• Task prompt: Copy out every record precisely.

• Input data:
(* Let $G=(V,E)$ be a finite, connected, undirected, edge-transitive graph, let $\lambda>0$ be the walking rate and $\gamma>0$ the recovery rate, and consider the two-agent SIS epidemic described in the context, started with both agents infected and located at the same vertex. Let $T$ be the end of epidemic time and $M$ the meeting time from distance one. Write $\mathcal L_T(s)=\mathbb E(e^{-sT})$ and $\mathcal L_M(s)=\mathbb E(e^{-sM})$. Then for every $s>0$, \[ \mathcal L_T(s)=\frac{2\gamma\left(\dfrac{1-\mathcal L_M(s+\gamma)}{s+\gamma}-\dfrac{1-\mathcal L_M(s+2\gamma)}{s+2\gamma}\right)}{\dfrac{2\lambda+s}{2\lambda}-2\mathcal L_M(s+\gamma)+\mathcal L_M(s+2\gamma)}. \]
   Context: Model. $G=(V,E)$ is a finite, connected, undirected graph which is edge-transitive: for any two edges $e_1,e_2\in E$ there is a graph automorphism mapping $e_1$ to $e_2$. Two agents move on $V$ according to independent continuous-time simple random walks $W_1(t),W_2(t)$: each agent stays at its current vertex for an $\mathrm{Exp}(\lambda)$ holding time (independently of everything else), then jumps to a neighbour chosen uniformly at random (so from $i$ it jumps to $j$ at rate $\lambda/d(i)$ if $\{i,j\}\in E$, where $d(i)$ is the degree of $i$). Each agent has a state in $\{S,I\}$ (susceptible/infected). Whenever the two agents occupy the same vertex and at least one of them is infected, the other becomes (or stays) infected immediately. Each infected agent, independently of everything else, returns to state $S$ after an $\mathrm{Exp}(\gamma)$ recovery time (recovery times are memoryless). Initially both agents are infected and at the same vertex. End of epidemic time: $T=\inf\{t\ge0: S_1(t)=S_2(t)=S\}$, where $S_k(t)$ is the state of agent $k$. Meeting time from distance one: for an edge $\{i,j\}\in E$, $M=\inf\{t\ge 0: W_1(t)=W_2(t)\}$ for the two independent walks started at $W_1(0)=i$, $W_2(0)=j$; by edge-transitivity its distribution does not depend on the chosen edge. *)

theory Defs
  imports "HOL-Probability.Probability"
begin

• Answer to the exercise:
(* Let $G=(V,E)$ be a finite, connected, undirected, edge-transitive graph, let $\lambda>0$ be the walking rate and $\gamma>0$ the recovery rate, and consider the two-agent SIS epidemic described in the context, started with both agents infected and located at the same vertex. Let $T$ be the end of epidemic time and $M$ the meeting time from distance one. Write $\mathcal L_T(s)=\mathbb E(e^{-sT})$ and $\mathcal L_M(s)=\mathbb E(e^{-sM})$. Then for every $s>0$, \[ \mathcal L_T(s)=\frac{2\gamma\left(\dfrac{1-\mathcal L_M(s+\gamma)}{s+\gamma}-\dfrac{1-\mathcal L_M(s+2\gamma)}{s+2\gamma}\right)}{\dfrac{2\lambda+s}{2\lambda}-2\mathcal L_M(s+\gamma)+\mathcal L_M(s+2\gamma)}. \]
   Context: Model. $G=(V,E)$ is a finite, connected, undirected graph which is edge-transitive: for any two edges $e_1,e_2\in E$ there is a graph automorphism mapping $e_1$ to $e_2$. Two agents move on $V$ according to independent continuous-time simple random walks $W_1(t),W_2(t)$: each agent stays at its current vertex for an $\mathrm{Exp}(\lambda)$ holding time (independently of everything else), then jumps to a neighbour chosen uniformly at random (so from $i$ it jumps to $j$ at rate $\lambda/d(i)$ if $\{i,j\}\in E$, where $d(i)$ is the degree of $i$). Each agent has a state in $\{S,I\}$ (susceptible/infected). Whenever the two agents occupy the same vertex and at least one of them is infected, the other becomes (or stays) infected immediately. Each infected agent, independently of everything else, returns to state $S$ after an $\mathrm{Exp}(\gamma)$ recovery time (recovery times are memoryless). Initially both agents are infected and at the same vertex. End of epidemic time: $T=\inf\{t\ge0: S_1(t)=S_2(t)=S\}$, where $S_k(t)$ is the state of agent $k$. Meeting time from distance one: for an edge $\{i,j\}\in E$, $M=\inf\{t\ge 0: W_1(t)=W_2(t)\}$ for the two independent walks started at $W_1(0)=i$, $W_2(0)=j$; by edge-transitivity its distribution does not depend on the chosen edge. *)

theory Defs
  imports "HOL-Probability.Probability"
begin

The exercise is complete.